The next part describes how to approach causes of liver disease in dogs beginning with hepatitis. Another algorithm takes you from liver biopsy to either lobular dissecting hepatitis, chronic hepatitis, cirrhosis or nonspecific reactive hepatopathy. A table lists possible causes for chronic hepatitis and whether the evidence is strong, moderate or weak. The next table lists seven factors supportive of chronic hepatitis.

Copper associated hepatitis, including its diagnosis and treatment is described before suggesting an approach to liver toxicity. Dose dependent hepatotoxicity and idiosyncratic hepatotoxicity are illustrated before Amy describes a clinical case of hepatic poisoning in a 3- year-old male neutered Maltese terrier.


The next section of the webinar deals with the treatment of toxic hepatic injury:

·      Decontamination (if possible)

·      Protect the liver

·      Supportive care -hydration, electrolytes, nausea, pain, nutrition, and a comprehensive summary of hepatic protectants.


It’s back to biochemistry with descriptions of N-acetylcystine, S-adenylmethionine, Ursodeoxycholic acid, Silymarin, Vitamin E, and Omega 3 fatty acids. For inflammatory liver disease the following are discussed-prednisolone, cyclosporine, azathioprine and colchicine.

Finally, three further conditions are discussed. These are ascites, hepatic encephalopathy, and cholangiohepatopathy in cats.


This extensive webinar was generously sponsored by ADM (Protexin in the UK) and SASH vets. The company provided some of the latest information at the end of the webinar on selected products of relevance to Amy’s presentation. Included is Denamarin, Pro-Kolin, Cobalazorb, Pro-Kolin Enterogenic, Cysophan and CystoPro. There is a list, for colleagues watching in Australia or New Zealand, of company territory managers and their contact details.

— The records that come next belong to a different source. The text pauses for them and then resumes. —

(* Let $O,O'$ be sets of Boolean functions with $O\preceq O'$, and let $\textsc{prop}$ be a finite set of propositional variables. Then $\mathrm{PL}_O[\textsc{prop}]\leq_{pc}\mathrm{PL}_{O'}[\textsc{prop}]$.
   Context: Boolean functions are maps $\{0,1\}^n\to\{0,1\}$, $n\ge1$ (constants as constant unary functions); $O\preceq O'$ means the clone generated by $O$ (smallest set containing $O$ and all projections, closed under composition) is contained in that generated by $O'$. $\mathrm{PL}_O[\textsc{prop}]$ is the set of formulas $\phi::=x\mid f(\phi_1,\dots,\phi_n)$ with $x\in\textsc{prop}$ and $f\in O$. It is viewed as the concept class whose concepts are these formulas, whose examples are the truth assignments $V:\textsc{prop}\to\{0,1\}$, and where $\lambda(\phi)$ is the set of assignments satisfying $\phi$. For concept classes $\mathcal{C}_i=(C_i,E_i,\lambda_i)$, $\mathcal{C}_1\leq_{pc}\mathcal{C}_2$ means there are $f:C_1\to C_2$ and $h:E_1\to E_2$ such that (i) for all $c\in C_1,e\in E_1$: $e\in\lambda_1(c)$ iff $h(e)\in\lambda_2(f(c))$; and (ii) for each $e\in E_2$, either $e\in\lambda_2(f(c))$ for all $c\in C_1$, or for no $c\in C_1$, or there is $e'\in E_1$ with $\{c\mid e\in\lambda_2(f(c))\}=\{c\mid e'\in\lambda_1(c)\}$. *)

theory Defs
  imports Main
begin

text \<open>A Boolean function is represented as a pair (n, f) of its arity n \<ge> 1 and a
map f on bit-lists; f is canonically False on lists of the wrong length, so that
each n-ary Boolean function {0,1}^n \<rightarrow> {0,1} has exactly one representative.\<close>

type_synonym bfun = "nat \<times> (bool list \<Rightarrow> bool)"

definition is_bfun :: "bfun \<Rightarrow> bool" where
  "is_bfun F \<longleftrightarrow> fst F \<ge> 1 \<and> (\<forall>xs. length xs \<noteq> fst F \<longrightarrow> snd F xs = False)"

definition proj :: "nat \<Rightarrow> nat \<Rightarrow> bfun" where
  "proj n i = (n, \<lambda>xs. if length xs = n then xs ! i else False)"

definition compose :: "bfun \<Rightarrow> nat \<Rightarrow> bfun list \<Rightarrow> bfun" where
  "compose F n Gs = (n, \<lambda>xs. if length xs = n then snd F (map (\<lambda>G. snd G xs) Gs) else False)"

inductive_set clone :: "bfun set \<Rightarrow> bfun set" for Ops :: "bfun set" where
  base: "F \<in> Ops \<Longrightarrow> F \<in> clone Ops"
| proj: "1 \<le> n \<Longrightarrow> i < n \<Longrightarrow> proj n i \<in> clone Ops"
| comp: "F \<in> clone Ops \<Longrightarrow> length Gs = fst F \<Longrightarrow> 1 \<le> n \<Longrightarrow>
         (\<forall>G\<in>set Gs. G \<in> clone Ops \<and> fst G = n) \<Longrightarrow> compose F n Gs \<in> clone Ops"

definition clone_le :: "bfun set \<Rightarrow> bfun set \<Rightarrow> bool" (infix "\<preceq>\<^sub>c" 50) where
  "Ops \<preceq>\<^sub>c Ops' \<longleftrightarrow> clone Ops \<subseteq> clone Ops'"

datatype 'v form = Var 'v | App bfun "'v form list"

fun eval :: "('v \<Rightarrow> bool) \<Rightarrow> 'v form \<Rightarrow> bool" where
  "eval V (Var x) = V x"
| "eval V (App F args) = snd F (map (eval V) args)"

inductive_set PL :: "bfun set \<Rightarrow> 'v set \<Rightarrow> 'v form set" for Ops :: "bfun set" and P :: "'v set" where
  var: "x \<in> P \<Longrightarrow> Var x \<in> PL Ops P"
| app: "F \<in> Ops \<Longrightarrow> length args = fst F \<Longrightarrow> (\<forall>a\<in>set args. a \<in> PL Ops P) \<Longrightarrow> App F args \<in> PL Ops P"

definition assignments :: "'v set \<Rightarrow> ('v \<Rightarrow> bool) set" where
  "assignments P = {V. \<forall>x. x \<notin> P \<longrightarrow> V x = False}"

definition models :: "'v set \<Rightarrow> 'v form \<Rightarrow> ('v \<Rightarrow> bool) set" where
  "models P \<phi> = {V \<in> assignments P. eval V \<phi>}"

type_synonym ('c, 'e) concept_class = "'c set \<times> 'e set \<times> ('c \<Rightarrow> 'e set)"

definition PL_class :: "bfun set \<Rightarrow> 'v set \<Rightarrow> ('v form, 'v \<Rightarrow> bool) concept_class" where
  "PL_class Ops P = (PL Ops P, assignments P, models P)"

definition pc_reducible :: "('c1, 'e1) concept_class \<Rightarrow> ('c2, 'e2) concept_class \<Rightarrow> bool" where
  "pc_reducible K1 K2 \<longleftrightarrow>
    (case K1 of (C1, E1, l1) \<Rightarrow> case K2 of (C2, E2, l2) \<Rightarrow>
      (\<exists>f h. (\<forall>c\<in>C1. f c \<in> C2) \<and> (\<forall>e\<in>E1. h e \<in> E2) \<and>
        (\<forall>c\<in>C1. \<forall>e\<in>E1. e \<in> l1 c \<longleftrightarrow> h e \<in> l2 (f c)) \<and>
        (\<forall>e\<in>E2. (\<forall>c\<in>C1. e \<in> l2 (f c)) \<or> (\<forall>c\<in>C1. e \<notin> l2 (f c)) \<or>
                 (\<exists>e'\<in>E1. {c\<in>C1. e \<in> l2 (f c)} = {c\<in>C1. e' \<in> l1 c}))))"

end

theory Submission
  imports Defs
begin

text \<open>Every member of the clone generated by O' is expressible in PL_O', by induction on
the generation of the clone: projections pick an argument and compositions substitute
formulas for the arguments. Hence each connective of O can be replaced by an equivalent
PL_O' context, which translates every PL_O formula into an equivalent PL_O' formula.
Translating concepts this way and keeping the assignments fixed is a pc-reduction.\<close>

lemma clone_definable_in_PL:
  assumes "G \<in> clone Ops" "length ps = fst G" "set ps \<subseteq> PL Ops P"
  shows "\<exists>q\<in>PL Ops P. \<forall>V. eval V q = snd G (map (eval V) ps)"
  using assms
proof (induction G arbitrary: ps rule: clone.induct)
  case (base F)
  then show ?case by (intro bexI[of _ "App F ps"]) (auto intro: PL.app)
next
  case (proj n i)
  then show ?case by (intro bexI[of _ "ps ! i"]) (auto simp: proj_def)
next
  case (comp F Gs n)
  have len_ps: "length ps = n"
    using comp.prems(1) by (simp add: compose_def)
  have "\<forall>G\<in>set Gs. \<exists>q\<in>PL Ops P. \<forall>V. eval V q = snd G (map (eval V) ps)"
    using comp.IH(2) comp.prems(2) len_ps by auto
  then obtain g where g: "\<forall>G\<in>set Gs. g G \<in> PL Ops P \<and>
      (\<forall>V. eval V (g G) = snd G (map (eval V) ps))"
    by (metis bchoice)
  obtain r where r: "r \<in> PL Ops P" "\<forall>V. eval V r = snd F (map (eval V) (map g Gs))"
    using comp.IH(1)[of "map g Gs"] comp.hyps(2) g by auto
  have "eval V r = snd (compose F n Gs) (map (eval V) ps)" for V
    using r(2) g len_ps by (simp add: compose_def cong: map_cong)
  then show ?case using r(1) by blast
qed

lemma PL_translate_clone_le:
  assumes "Ops \<preceq>\<^sub>c Ops'" "\<phi> \<in> PL Ops P"
  shows "\<exists>\<psi>\<in>PL Ops' P. \<forall>V. eval V \<psi> = eval V \<phi>"
  using assms(2)
proof (induction \<phi> rule: PL.induct)
  case (var x)
  then show ?case by (intro bexI[of _ "Var x"]) (auto intro: PL.var)
next
  case (app F args)
  then obtain g where g: "\<forall>a\<in>set args. g a \<in> PL Ops' P \<and> (\<forall>V. eval V (g a) = eval V a)"
    by (metis bchoice)
  have "F \<in> clone Ops'"
    using assms(1) app.hyps(1) clone.base unfolding clone_le_def by blast
  then obtain q where "q \<in> PL Ops' P" "\<forall>V. eval V q = snd F (map (eval V) (map g args))"
    using clone_definable_in_PL[of F Ops' "map g args" P] app.hyps(2) g by auto
  with g show ?case by (auto cong: map_cong)
qed

lemma pc_reducible_by_concept_map:
  assumes "\<forall>c\<in>C1. f c \<in> C2 \<and> l2 (f c) = l1 c"
  shows "pc_reducible (C1, E, l1) (C2, E, l2)"
  unfolding pc_reducible_def prod.case
proof (intro exI conjI)
  show "\<forall>c\<in>C1. f c \<in> C2" using assms by blast
  show "\<forall>e\<in>E. id e \<in> E" by simp
  show "\<forall>c\<in>C1. \<forall>e\<in>E. e \<in> l1 c \<longleftrightarrow> id e \<in> l2 (f c)" using assms by simp
  show "\<forall>e\<in>E. (\<forall>c\<in>C1. e \<in> l2 (f c)) \<or> (\<forall>c\<in>C1. e \<notin> l2 (f c)) \<or>
      (\<exists>e'\<in>E. {c\<in>C1. e \<in> l2 (f c)} = {c\<in>C1. e' \<in> l1 c})"
    using assms by blast
qed

theorem propositionA6:
  fixes Ops Ops' :: "bfun set" and P :: "'v set"
  assumes "\<forall>F\<in>Ops. is_bfun F" and "\<forall>F\<in>Ops'. is_bfun F"
    and "Ops \<preceq>\<^sub>c Ops'"
    and "finite P"
  shows "pc_reducible (PL_class Ops P) (PL_class Ops' P)"
proof -
  obtain f where f: "\<forall>\<phi>\<in>PL Ops P. f \<phi> \<in> PL Ops' P \<and> (\<forall>V. eval V (f \<phi>) = eval V \<phi>)"
    using PL_translate_clone_le[OF assms(3)] by (metis bchoice)
  then have "\<forall>\<phi>\<in>PL Ops P. f \<phi> \<in> PL Ops' P \<and> models P (f \<phi>) = models P \<phi>"
    by (simp add: models_def)
  then show ?thesis
    unfolding PL_class_def by (rule pc_reducible_by_concept_map)
qed

end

I can’t begin to imagine how many hours Amy must have put in to produce this incredibly detailed webinar. Certainly, many more hours than the often quoted ten hours for a  one hour presentation. To get the best out of it, as i have suggested, take notes and photograph the slides in 30 -minute sessions and then think about them before moving on to the next session. Many of the slides are very useful as protocols for investigations and treatments. The content will be of value for everyone in practice from newly qualified to experienced vets and nurses.


There was a further ten minutes for questions and these came on the night (early morning for Amy), from all parts of the globe. It’s quite astonishing how far we have come in recent times in technology with the ability to watch a live presentation in perfect sound and vision from anywhere in the world. It was a case of good morning, afternoon, evening or night wherever you from the chair Anthony Chadwick at the end.